section \<open>Expectation and variance of \<open>R(T)\<close>\<close>

lemma tree_var_eq:
  assumes "(\<Sum>T\<in>spanning_trees V E. tree_weight w T) \<noteq> 0"
  shows "tree_var V E w f = tree_expect V E w (\<lambda>T. (f T)\<^sup>2) - (tree_expect V E w f)\<^sup>2"
proof -
  let ?ST = "spanning_trees V E"
  define Z where "Z = (\<Sum>T\<in>?ST. tree_weight w T)"
  define \<mu> where "\<mu> = tree_expect V E w f"
  have "(\<Sum>T\<in>?ST. tree_weight w T * (f T - \<mu>)\<^sup>2)
      = (\<Sum>T\<in>?ST. tree_weight w T * (f T)\<^sup>2) - 2 * \<mu> * (\<Sum>T\<in>?ST. tree_weight w T * f T) + \<mu>\<^sup>2 * Z"
    unfolding Z_def
    by (simp add: power2_eq_square algebra_simps sum.distrib sum_subtractf sum_distrib_left)
  also have "\<dots> = (\<Sum>T\<in>?ST. tree_weight w T * (f T)\<^sup>2) - \<mu>\<^sup>2 * Z"
    using assms unfolding \<mu>_def tree_expect_def Z_def by (simp add: power2_eq_square field_simps)
  finally show ?thesis
    using assms unfolding tree_var_def \<mu>_def[symmetric] unfolding tree_expect_def Z_def[symmetric]
    by (simp add: field_simps)
qed

lemma coeff_tree_polynomial:
  fixes w \<omega> :: "'a set \<Rightarrow> real" and \<T> :: "'a set set set"
  assumes "\<And>T. T \<in> \<T> \<Longrightarrow> finite T"
  defines "p \<equiv> (\<Sum>T\<in>\<T>. \<Prod>e\<in>T. [:w e, w e * \<omega> e, w e * (\<omega> e)\<^sup>2 / 2:])"
  shows "coeff p 1 = (\<Sum>T\<in>\<T>. tree_weight w T * R_val \<omega> T)"
    and "2 * coeff p 2 = (\<Sum>T\<in>\<T>. tree_weight w T * (R_val \<omega> T)\<^sup>2)"
proof -
  have factor: "(\<Prod>e\<in>T. [:w e, w e * \<omega> e, w e * (\<omega> e)\<^sup>2 / 2:])
      = smult (tree_weight w T) (\<Prod>e\<in>T. [:1, \<omega> e, (\<omega> e)\<^sup>2 / 2:])" for T
    unfolding tree_weight_def prod_smult[symmetric] by simp
  show "coeff p 1 = (\<Sum>T\<in>\<T>. tree_weight w T * R_val \<omega> T)"
    unfolding p_def coeff_sum factor R_val_def
    using coeff_prod_quadratic[OF assms(1), of _ \<omega> "\<lambda>e. (\<omega> e)\<^sup>2 / 2"] by (intro sum.cong) auto
  have "2 * coeff (\<Prod>e\<in>T. [:1, \<omega> e, (\<omega> e)\<^sup>2 / 2:]) 2 = (R_val \<omega> T)\<^sup>2" if "T \<in> \<T>" for T
    using coeff_prod_quadratic[OF assms(1)[OF that], of \<omega> "\<lambda>e. (\<omega> e)\<^sup>2 / 2"]
    unfolding R_val_def by (simp add: sum_divide_distrib[symmetric])
  then show "2 * coeff p 2 = (\<Sum>T\<in>\<T>. tree_weight w T * (R_val \<omega> T)\<^sup>2)"
    unfolding p_def coeff_sum factor sum_distrib_left
    by (intro sum.cong) (auto simp: mult.left_commute[of 2])
qed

→ What you need to do: From the records above, reproduce exactly the lines from the one with "by (simp add: power2_eq_square algebra_simps" to the one with "fixes w \<omega>", both included, and no others.

→ Answer to the problem:
    by (simp add: power2_eq_square algebra_simps sum.distrib sum_subtractf sum_distrib_left)
  also have "\<dots> = (\<Sum>T\<in>?ST. tree_weight w T * (f T)\<^sup>2) - \<mu>\<^sup>2 * Z"
    using assms unfolding \<mu>_def tree_expect_def Z_def by (simp add: power2_eq_square field_simps)
  finally show ?thesis
    using assms unfolding tree_var_def \<mu>_def[symmetric] unfolding tree_expect_def Z_def[symmetric]
    by (simp add: field_simps)
qed

lemma coeff_tree_polynomial:
  fixes w \<omega> :: "'a set \<Rightarrow> real" and \<T> :: "'a set set set"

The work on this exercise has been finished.